# Leasing a DTG printer?



## SouthernGraphics (May 7, 2009)

Hello,
I have been screen printing for more than 15 years in the basement of our house. I feel it is time for me to expand to DTG printer because most of my customers has been asking for smaller orders so I feel that it is a waste of time and efforts to create artworks, prepare screens for smaller orders so DTG printer sounds perfect solution for smaller orders.
(sorry if this post have similar posts here)
I have been researching tons and tons of DTG printers out there! So many good and negative reviews out there! I am looking to lease one and I am aware that most would cost at least up to 600 dollars a month depending on brands of DTG printers. I am aware that there are no such as lower than 300 dollars a month lease (which would be nice!!).
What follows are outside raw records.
(* Let $f:\mathbb{R}^n\to\mathbb{R}^n$ be continuous, let $\Gamma\in\mathbb{R}^{n\times n}$, and let $L=(l_{ij})\in\mathbb{R}^{m\times m}$ be a coupling matrix (i.e. $l_{ij}\ge 0$ for $i\ne j$ and $\sum_{j=1}^m l_{ij}=0$ for every $i$) which is irreducible with $\mathrm{Rank}(L)=m-1$. Consider the coupled system $$\frac{dx_i(t)}{dt}=f(x_i(t))+c\sum_{j=1}^m l_{ij}\Gamma x_j(t),\qquad i=1,\dots,m,$$ with $x_i(t)\in\mathbb{R}^n$ and coupling strength $c>0$. Suppose there exist a positive definite matrix $P\in\mathbb{R}^{n\times n}$, a matrix $\Delta\in\mathbb{R}^{n\times n}$ and $\epsilon>0$ such that $f$ satisfies the QUAD condition $$(x-y)^T P\big\{[f(x)-f(y)]-\Delta(x-y)\big\}\le -\epsilon (x-y)^T(x-y)\quad\text{for all }x,y\in\mathbb{R}^n,$$ that $\mathrm{Ran}(P\Delta)=\mathrm{Ran}(P\Gamma)$ (in particular this holds if $\Delta=\Gamma$), and that $P\Gamma=BB^T$ for some matrix $B$ and $P\Gamma$ is positive definite on the range $\mathrm{Ran}(P\Gamma)$. Then the system reaches synchronization if the coupling strength $c$ is large enough.
   Context: $\mathrm{Ran}(M)$ denotes the range (column space) of a matrix $M$. "Positive definite on $\mathrm{Ran}(P\Gamma)$" means $u^T P\Gamma u>0$ for every nonzero $u\in\mathrm{Ran}(P\Gamma)$. The system reaches synchronization if $\lim_{t\to\infty}\|x_i(t)-x_j(t)\|=0$ for all $i,j$ and all initial conditions. *)

theory Defs
  imports "HOL-Analysis.Analysis"
begin

definition coupling_matrix :: "real^'m^'m \<Rightarrow> bool" where
  "coupling_matrix L \<longleftrightarrow>
     (\<forall>i j. i \<noteq> j \<longrightarrow> L $ i $ j \<ge> 0) \<and> (\<forall>i. (\<Sum>j\<in>UNIV. L $ i $ j) = 0)"

definition irreducible_mat :: "real^'m^'m \<Rightarrow> bool" where
  "irreducible_mat L \<longleftrightarrow>
     (\<forall>I. I \<noteq> {} \<and> I \<noteq> UNIV \<longrightarrow> (\<exists>i\<in>I. \<exists>j. j \<notin> I \<and> L $ i $ j \<noteq> 0))"

definition pos_def_mat :: "real^'n^'n \<Rightarrow> bool" where
  "pos_def_mat P \<longleftrightarrow> transpose P = P \<and> (\<forall>x. x \<noteq> 0 \<longrightarrow> x \<bullet> (P *v x) > 0)"

definition Ran :: "real^'n^'m \<Rightarrow> (real^'m) set" where
  "Ran M = range (\<lambda>x. M *v x)"

definition pos_def_on :: "real^'n^'n \<Rightarrow> (real^'n) set \<Rightarrow> bool" where
  "pos_def_on M S \<longleftrightarrow> (\<forall>u\<in>S. u \<noteq> 0 \<longrightarrow> u \<bullet> (M *v u) > 0)"

definition QUAD :: "(real^'n \<Rightarrow> real^'n) \<Rightarrow> real^'n^'n \<Rightarrow> real^'n^'n \<Rightarrow> real \<Rightarrow> bool" where
  "QUAD f P \<Delta> \<epsilon> \<longleftrightarrow> (\<forall>x y. (x - y) \<bullet> (P *v ((f x - f y) - \<Delta> *v (x - y)))
                          \<le> - \<epsilon> * ((x - y) \<bullet> (x - y)))"

definition coupled_solution ::
  "(real^'n \<Rightarrow> real^'n) \<Rightarrow> real^'n^'n \<Rightarrow> real^'m^'m \<Rightarrow> real \<Rightarrow> (real \<Rightarrow> 'm \<Rightarrow> real^'n) \<Rightarrow> bool" where
  "coupled_solution f \<Gamma> L c x \<longleftrightarrow>
     (\<forall>i. \<forall>t\<ge>0. ((\<lambda>s. x s i) has_vector_derivative
         (f (x t i) + c *\<^sub>R (\<Sum>j\<in>UNIV. L $ i $ j *\<^sub>R (\<Gamma> *v x t j)))) (at t within {0..}))"

definition synchronizes :: "(real \<Rightarrow> 'm \<Rightarrow> real^'n) \<Rightarrow> bool" where
  "synchronizes x \<longleftrightarrow> (\<forall>i j. ((\<lambda>t. norm (x t i - x t j)) \<longlongrightarrow> 0) at_top)"

end

theory Submission
  imports Defs
begin

(* The left null vector \<xi> of the irreducible coupling matrix L can be chosen with positive
   entries summing to 1. Let e i = x i - (\<Sum>k. \<xi> k x k) be the deviation of node i from the
   \<xi>-weighted mean. Along solutions, V = \<Sum>i. \<xi> i (e i)\<^sup>T P (e i) satisfies
   V' \<le> 2 (A e - \<epsilon> N e - c G e), where A e = \<Sum>i. \<xi> i (e i)\<^sup>T P\<Delta> (e i) comes from QUAD,
   N e = \<Sum>i. \<xi> i |e i|\<^sup>2, and the coupling energy G e = 1/2 \<Sum>i j. \<xi> i l i j |B\<^sup>T (e i - e j)|\<^sup>2
   is nonnegative. On the subspace \<Sum>i. \<xi> i e i = 0, G vanishes only if all B\<^sup>T e i vanish, and
   then A e = 0 because Ran (P\<Delta>) \<subseteq> Ran (B B\<^sup>T). All three forms being quadratic, compactness of
   the unit sphere yields A - \<epsilon> N / 2 \<le> c G once c is large. Then V' \<le> -\<epsilon> N \<le> -(\<epsilon> / K) V
   for any K with V \<le> K N, so V decays exponentially. *)

lemma homogeneous_le_if_le_on_sphere:
  fixes F G :: "'a::real_normed_vector \<Rightarrow> real"
  assumes S: "subspace S"
    and homF: "\<And>r e. F (r *\<^sub>R e) = r\<^sup>2 * F e" and homG: "\<And>r e. G (r *\<^sub>R e) = r\<^sup>2 * G e"
    and sphere: "\<And>u. u \<in> S \<Longrightarrow> norm u = 1 \<Longrightarrow> F u \<le> c * G u"
    and "e \<in> S"
  shows "F e \<le> c * G e"
proof (cases "e = 0")
  case True
  then show ?thesis using homF[of 0] homG[of 0] by simp
next
  case False
  define u where "u = (1 / norm e) *\<^sub>R e"
  have "u \<in> S" "norm u = 1"
    using \<open>e \<in> S\<close> False S by (auto simp: u_def subspace_scale)
  have "e = norm e *\<^sub>R u" using False by (simp add: u_def)
  then have "F e = (norm e)\<^sup>2 * F u" "G e = (norm e)\<^sup>2 * G u"
    by (metis homF, metis homG)
  then show ?thesis
    using sphere[OF \<open>u \<in> S\<close> \<open>norm u = 1\<close>] by (simp add: mult.left_commute[of c] mult_left_mono)
qed

lemma dominated_by_multiple_on_subspace:
  fixes F G :: "'a::euclidean_space \<Rightarrow> real"
  assumes S: "subspace S" and contF: "continuous_on S F" and contG: "continuous_on S G"
    and homF: "\<And>r e. F (r *\<^sub>R e) = r\<^sup>2 * F e" and homG: "\<And>r e. G (r *\<^sub>R e) = r\<^sup>2 * G e"
    and G_nonneg: "\<And>e. e \<in> S \<Longrightarrow> G e \<ge> 0"
    and F_neg: "\<And>e. e \<in> S \<Longrightarrow> e \<noteq> 0 \<Longrightarrow> G e = 0 \<Longrightarrow> F e < 0"
  shows "\<exists>c0\<ge>0. \<forall>c\<ge>c0. \<forall>e\<in>S. F e \<le> c * G e"
proof -
  define T where "T = (S \<inter> F -` {0..}) \<inter> sphere 0 1"
  have "compact T"
    unfolding T_def
    by (intro closed_Int_compact continuous_closed_preimage contF closed_subspace[OF S]
        closed_atLeast compact_sphere)
  moreover have G_pos: "G u > 0" if "u \<in> T" for u
    using that G_nonneg F_neg[of u] by (fastforce simp: T_def less_le)
  moreover have "T \<subseteq> S" by (auto simp: T_def)
  ultimately have "compact ((\<lambda>u. F u / G u) ` T)"
    by (intro compact_continuous_image continuous_on_divide continuous_on_subset[OF contF]
        continuous_on_subset[OF contG]) (auto dest: less_imp_neq[symmetric])
  then obtain M where M: "\<And>u. u \<in> T \<Longrightarrow> F u / G u \<le> M"
    by (meson bdd_above.E bounded_imp_bdd_above compact_imp_bounded imageI)
  have "F u \<le> c * G u" if "c \<ge> max 0 M" "u \<in> S" "norm u = 1" for c u
  proof (cases "F u \<ge> 0")
    case True
    then have "u \<in> T" using that by (simp add: T_def)
    then have "F u \<le> M * G u" using M[of u] G_pos[of u] by (simp add: divide_le_eq)
    also have "\<dots> \<le> c * G u" using that G_pos[OF \<open>u \<in> T\<close>] by (intro mult_right_mono) auto
    finally show ?thesis .
  next
    case False
    then show ?thesis using that G_nonneg[of u] by (smt (verit) mult_nonneg_nonneg)
  qed
  then show ?thesis
    using homogeneous_le_if_le_on_sphere[OF S homF homG] by (intro exI[of _ "max 0 M"]) auto
qed

corollary dominated_by_positive_homogeneous:
  fixes F G :: "'a::euclidean_space \<Rightarrow> real"
  assumes "continuous_on UNIV F" "continuous_on UNIV G"
    and "\<And>r e. F (r *\<^sub>R e) = r\<^sup>2 * F e" "\<And>r e. G (r *\<^sub>R e) = r\<^sup>2 * G e"
    and G_pos: "\<And>e. e \<noteq> 0 \<Longrightarrow> G e > 0"
  shows "\<exists>c>0. \<forall>e. F e \<le> c * G e"
proof -
  have "G 0 = 0" using assms(4)[of 0] by simp
  then have "G e \<ge> 0" for e using G_pos[of e] by (cases "e = 0") auto
  then obtain c0 where "c0 \<ge> 0" "\<forall>c\<ge>c0. \<forall>e. F e \<le> c * G e"
    using dominated_by_multiple_on_subspace[OF subspace_UNIV assms(1-4)] G_pos
    by (metis UNIV_I less_irrefl)
  then show ?thesis by (intro exI[of _ "c0 + 1"]) auto
qed

lemma coupling_matrix_left_kernel:
  fixes L :: "real^'m^'m"
  assumes "coupling_matrix L"
  shows "\<exists>\<xi>. \<xi> \<noteq> 0 \<and> \<xi> v* L = 0"
proof -
  have "L *v 1 = 0"
    using assms by (simp add: coupling_matrix_def matrix_vector_mult_def vec_eq_iff)
  then have "rank L \<noteq> CARD('m)"
    using matrix_nonfull_linear_equations_eq[of L] by (metis one_neq_zero)
  then show ?thesis
    using matrix_nonfull_linear_equations_eq[of "transpose L"] by (simp add: rank_transpose)
qed

lemma coupling_matrix_left_kernel_abs:
  fixes L :: "real^'m^'m"
  assumes L: "coupling_matrix L" and \<xi>: "\<xi> v* L = 0"
  shows "(\<chi> i. \<bar>\<xi>$i\<bar>) v* L = 0"
proof -
  have off: "i \<noteq> j \<Longrightarrow> L$i$j \<ge> 0" for i j using L by (simp add: coupling_matrix_def)
  have diag: "L$j$j \<le> 0" for j
  proof -
    have "0 = L$j$j + (\<Sum>k\<in>UNIV-{j}. L$j$k)"
      using L by (simp add: coupling_matrix_def sum.remove[of UNIV j])
    moreover have "(\<Sum>k\<in>UNIV-{j}. L$j$k) \<ge> 0" by (intro sum_nonneg) (simp add: off)
    ultimately show ?thesis by linarith
  qed
  \<comment> \<open>Each column sum is nonnegative by the triangle inequality, and they add up to 0.\<close>
  have col_nonneg: "(\<Sum>i\<in>UNIV. \<bar>\<xi>$i\<bar> * L$i$j) \<ge> 0" for j
  proof -
    have "0 = \<xi>$j * L$j$j + (\<Sum>i\<in>UNIV-{j}. \<xi>$i * L$i$j)"
      using \<xi> by (simp add: vector_matrix_mult_def vec_eq_iff sum.remove[of UNIV j])
    then have "- (\<bar>\<xi>$j\<bar> * L$j$j) = \<bar>\<Sum>i\<in>UNIV-{j}. \<xi>$i * L$i$j\<bar>"
      using diag[of j] by (simp add: abs_mult abs_minus_commute add_eq_0_iff)
    also have "\<dots> \<le> (\<Sum>i\<in>UNIV-{j}. \<bar>\<xi>$i * L$i$j\<bar>)" by (rule sum_abs)
    also have "\<dots> = (\<Sum>i\<in>UNIV-{j}. \<bar>\<xi>$i\<bar> * L$i$j)"
      by (rule sum.cong) (auto simp: abs_mult off)
    finally show ?thesis by (simp add: sum.remove[of UNIV j])
  qed
  have "(\<Sum>j\<in>UNIV. \<Sum>i\<in>UNIV. \<bar>\<xi>$i\<bar> * L$i$j)
      = (\<Sum>i\<in>UNIV. \<bar>\<xi>$i\<bar> * (\<Sum>j\<in>UNIV. L$i$j))"
    by (subst sum.swap) (simp add: sum_distrib_left)
  also have "\<dots> = 0" using L by (simp add: coupling_matrix_def)
  finally show ?thesis
    using col_nonneg by (simp add: sum_nonneg_eq_0_iff vector_matrix_mult_def vec_eq_iff)
qed

lemma irreducible_left_kernel_pos:
  fixes L :: "real^'m^'m"
  assumes L: "coupling_matrix L" and irr: "irreducible_mat L"
    and \<eta>: "\<eta> v* L = 0" "\<eta> \<noteq> 0" "\<And>i. \<eta>$i \<ge> 0"
  shows "\<eta>$i > 0"
proof (rule ccontr)
  assume "\<not> \<eta>$i > 0"
  define I where "I = {i. \<eta>$i > 0}"
  have "I \<noteq> UNIV" using \<open>\<not> \<eta>$i > 0\<close> by (auto simp: I_def)
  moreover have "I \<noteq> {}" using \<eta>(2,3) by (auto simp: I_def vec_eq_iff less_le)
  ultimately obtain k j where kj: "k \<in> I" "j \<notin> I" "L$k$j \<noteq> 0"
    using irr unfolding irreducible_mat_def by blast
  have "\<eta>$j = 0" using kj(2) \<eta>(3)[of j] by (simp add: I_def)
  then have "(\<Sum>i\<in>UNIV-{j}. \<eta>$i * L$i$j) = 0"
    using \<eta>(1) by (simp add: vector_matrix_mult_def vec_eq_iff sum.remove[of UNIV j])
  moreover have "\<eta>$l * L$l$j \<ge> 0" if "l \<noteq> j" for l
    using L \<eta>(3)[of l] that by (simp add: coupling_matrix_def)
  ultimately have "\<eta>$k * L$k$j = 0"
    using kj by (subst (asm) sum_nonneg_eq_0_iff) auto
  then show False using kj by (simp add: I_def)
qed
lemma lower_half_plane_column_solutions:
  assumes "w \<noteq> 0" and "Im w \<le> 0"
  shows "column_solution (sysL \<omega> l \<mu> w) (diagL11 l \<mu> w) (\<lambda>x. H x $ 1 $ 1) (\<lambda>x. H x $ 2 $ 1) w"
    and "column_solution (sysL \<omega> l \<mu> w) 0 (\<lambda>x. H x $ 1 $ 2) (\<lambda>x. H x $ 2 $ 2) w"
    and "column_solution (sysL \<omega> l \<mu> w) (diagL11 l \<mu> w) (\<lambda>x. G x $ 1 $ 1) (\<lambda>x. G x $ 2 $ 1) w"
    and "column_solution (sysL \<omega> l \<mu> w) 0 (\<lambda>x. G x $ 1 $ 2) (\<lambda>x. G x $ 2 $ 2) w"
  using normalizing_column_solutions[OF H lower[OF assms]]
    normalizing_column_solutions[OF G lower[OF assms]]
  by auto

lemma real_ray_entries_tendsto:
  assumes "\<sigma> \<noteq> 0"
  shows "((\<lambda>x. H (of_real (\<sigma> * x)) $ i $ j) \<longlongrightarrow> mat 1 $ i $ j) (at_right 0)"
    and "((\<lambda>x. G (of_real (\<sigma> * x)) $ i $ j) \<longlongrightarrow> mat 1 $ i $ j) (at_right 0)"
  using assms
  by (intro tendsto_vec_nth normalizing_tendsto_ray[OF H] normalizing_tendsto_ray[OF G] lower;
      simp)+

lemmas positive_ray_entries_tendsto = real_ray_entries_tendsto[OF one_neq_zero]
  and negative_ray_entries_tendsto = real_ray_entries_tendsto[OF neg_one_neq_zero]

lemma wronskian_col1_col2_eq_1:
  assumes "z \<noteq> 0" and "Im z \<le> 0"
  shows "G z $ 1 $ 1 * H z $ 2 $ 2 - G z $ 2 $ 1 * H z $ 1 $ 2 = 1"
proof (rule constant_on_lower_half_plane[of _ 1, OF _ _ _ assms])
  show "((\<lambda>x. G x $ 1 $ 1 * H x $ 2 $ 2 - G x $ 2 $ 1 * H x $ 1 $ 2) has_field_derivative 0) (at w)"
    if "w \<noteq> 0" and "Im w \<le> 0" for w
    using wronskian_has_derivative[OF lower_half_plane_column_solutions(3,2)[OF that]]
    by (simp add: sysL_eq)
  show "((\<lambda>x. G (of_real (1 * x)) $ 1 $ 1 * H (of_real (1 * x)) $ 2 $ 2
      - G (of_real (1 * x)) $ 2 $ 1 * H (of_real (1 * x)) $ 1 $ 2) \<longlongrightarrow> 1) (at_right 0)"
    using tendsto_diff[OF tendsto_mult[OF positive_ray_entries_tendsto(2,1)]
        tendsto_mult[OF positive_ray_entries_tendsto(2,1)], of 1 1 2 2 2 1 1 2]
    by simp
qed simp

lemma wronskian_col1_col1_eq_0:
  assumes "z \<noteq> 0" and "Im z \<le> 0"
  shows "H z $ 1 $ 1 * G z $ 2 $ 1 - H z $ 2 $ 1 * G z $ 1 $ 1 = 0"
proof -
  define W where "W x = H x $ 1 $ 1 * G x $ 2 $ 1 - H x $ 2 $ 1 * G x $ 1 $ 1" for x
  have "W z * fundF11 l \<mu> z = 0"
  proof (rule constant_on_lower_half_plane[of _ "-1", OF _ _ _ assms])
    show "((\<lambda>x. W x * fundF11 l \<mu> x) has_field_derivative 0) (at w)" if "w \<noteq> 0" and "Im w \<le> 0" for w
      using DERIV_mult[OF
          wronskian_has_derivative[OF lower_half_plane_column_solutions(1,3)[OF that]]
          fundF11_has_derivative[OF \<open>w \<noteq> 0\<close>, of l \<mu>]]
      unfolding W_def by (elim DERIV_cong) (simp add: sysL_eq algebra_simps)
    have "((\<lambda>x. W (of_real (-1 * x))) \<longlongrightarrow> 0) (at_right 0)"
      unfolding W_def
      using tendsto_diff[OF tendsto_mult[OF negative_ray_entries_tendsto(1,2)]
          tendsto_mult[OF negative_ray_entries_tendsto(1,2)], of 1 1 2 1 2 1 1 1]
      by simp
    from tendsto_mult[OF this tendsto_fundF11_negative_axis[OF \<mu>_pos]]
    show "((\<lambda>x. W (of_real (-1 * x)) * fundF11 l \<mu> (of_real (-1 * x))) \<longlongrightarrow> 0) (at_right 0)"
      by simp
  qed simp
  then show ?thesis
    using fundF11_nonzero[OF assms(1)] by (simp add: W_def)
qed
theorem corollary4p7:
  fixes N :: nat and \<kappa> c1 c2 La C :: real and a :: "real \<Rightarrow> real"
    and V0 Vb0 :: "nat \<Rightarrow> real^'d"
  assumes N: "N \<ge> 1" and kappa: "\<kappa> > 0"
    and c1: "0 < c1" and c12: "c1 \<le> c2"
    and a_bounds: "\<And>r. r \<ge> 0 \<Longrightarrow> c1 \<le> a r \<and> a r \<le> c2"
    and La: "La > 0"
    and a_lip: "\<And>r1 r2. r1 \<ge> 0 \<Longrightarrow> r2 \<ge> 0 \<Longrightarrow> \<bar>a r1 - a r2\<bar> \<le> La * \<bar>r1 - r2\<bar>"
    and C: "0 < C" "C < 1"
  shows "\<exists>cb0 cb1 cb2 :: real. cb0 \<ge> 0 \<and> cb1 \<ge> 0 \<and> cb2 \<ge> 0 \<and>
    (\<forall>X0 Xb0 :: nat \<Rightarrow> real^'d.
      frobD N X0 < M_const N La c1 c2 \<and> frobD N Xb0 < M_const N La c1 c2 \<and>
      frobD N V0 < \<kappa> * integral {frobD N X0..M_const N La c1 c2} (psi N La c1 c2) \<and>
      frobD N Vb0 < \<kappa> * integral {frobD N Xb0..M_const N La c1 c2} (psi N La c1 c2) \<longrightarrow>
      (\<forall>\<epsilon>::real. 0 < \<epsilon> \<and> \<epsilon> < 1 \<longrightarrow>
        (\<exists>h0>0. \<forall>h x v xb vb.
          0 < h \<and> h < h0 \<and> h < min 1 (1 / \<kappa>) \<and>
          MT_solution N \<kappa> a h x v \<and> MT_solution N \<kappa> a h xb vb \<and>
          (\<forall>i<N. x 0 i = X0 i \<and> v 0 i = V0 i \<and> xb 0 i = Xb0 i \<and> vb 0 i = Vb0 i) \<longrightarrow>
          (let b1 = sqrt (cb0 * \<epsilon> + cb1 * h + cb2 * h\<^sup>2);
               b2 = C * \<kappa> * psi N La c1 c2 (M_const N La c1 c2) * h
           in \<forall>n. frobDD N (v n) (vb n)
                 \<le> (1 - \<epsilon>) ^ n * frobDD N (v 0) (vb 0)
                   + b1 * exp b2 / (1 - (1 - \<epsilon>) * exp b2) * exp (- b2 * real n)))))"
proof -
  interpret mt_influence N a c1 c2 La
    using N c1 c12 a_bounds La a_lip by unfold_locales auto
  have psi_M: "psi N La c1 c2 (M_const N La c1 c2) = 3 / 4"
    using L_pos by (simp add: psi_eq M_const_eq)
  define K where "K = real N * (frobD N V0 + frobD N Vb0)"
  show ?thesis
  proof (rule exI[of _ "K\<^sup>2"], rule exI[of _ 0], rule exI[of _ 0], intro conjI allI impI, goal_cases)
    case (4 X0 Xb0 \<epsilon>)
    show ?case
    proof (intro exI[of _ "\<epsilon> / \<kappa>"] conjI allI impI, goal_cases)
      case (2 h x v xb vb)
      then have "frobD N (x 0) = frobD N X0" "frobD N (v 0) = frobD N V0"
        "frobD N (xb 0) = frobD N Xb0" "frobD N (vb 0) = frobD N Vb0"
        by (auto intro: frobD_cong)
      with 2 4 show ?case
        using MT_frobDD_bound[of \<kappa> h x v xb vb \<epsilon> C] C kappa
        unfolding Let_def psi_M K_def by (simp add: field_simps)
    qed (use 4 kappa in simp)
  qed simp_all
qed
I had happened to find a site (I am not sure if you know about this and if you already have a post about this, sorry about this posting again relating to this topic)
the name of website is PrinterLeaseDirect.com 

I know that there are many website are fake and possibly ways to scam these people so I wonder if one of you know anything about this and have anyone tried this? I know that is "too good to be true"

Thank you!


----------



## rcrotty82 (Apr 19, 2017)

Considering they dont even list what model you are leasing I would be very skeptical about it. at $35k for a decent name brand printer you just aren't going to find leasing options that low.. I would take a hard look at the Brother GTX or if you have some funds saved up look at a quality used Brother GT-381.


----------



## ColDesiMark (Sep 28, 2015)

Hey Southern, we work with http://adiacapital.com when we sell a DTG Printer and people are interested in leasing. They're smart and know the equipment. ColDesi DTG has had a relationship with them for about 10 years? Good people.


----------



## jts2005 (Sep 24, 2014)

$300 does not sound right we just leased the GTX and its around $600.


----------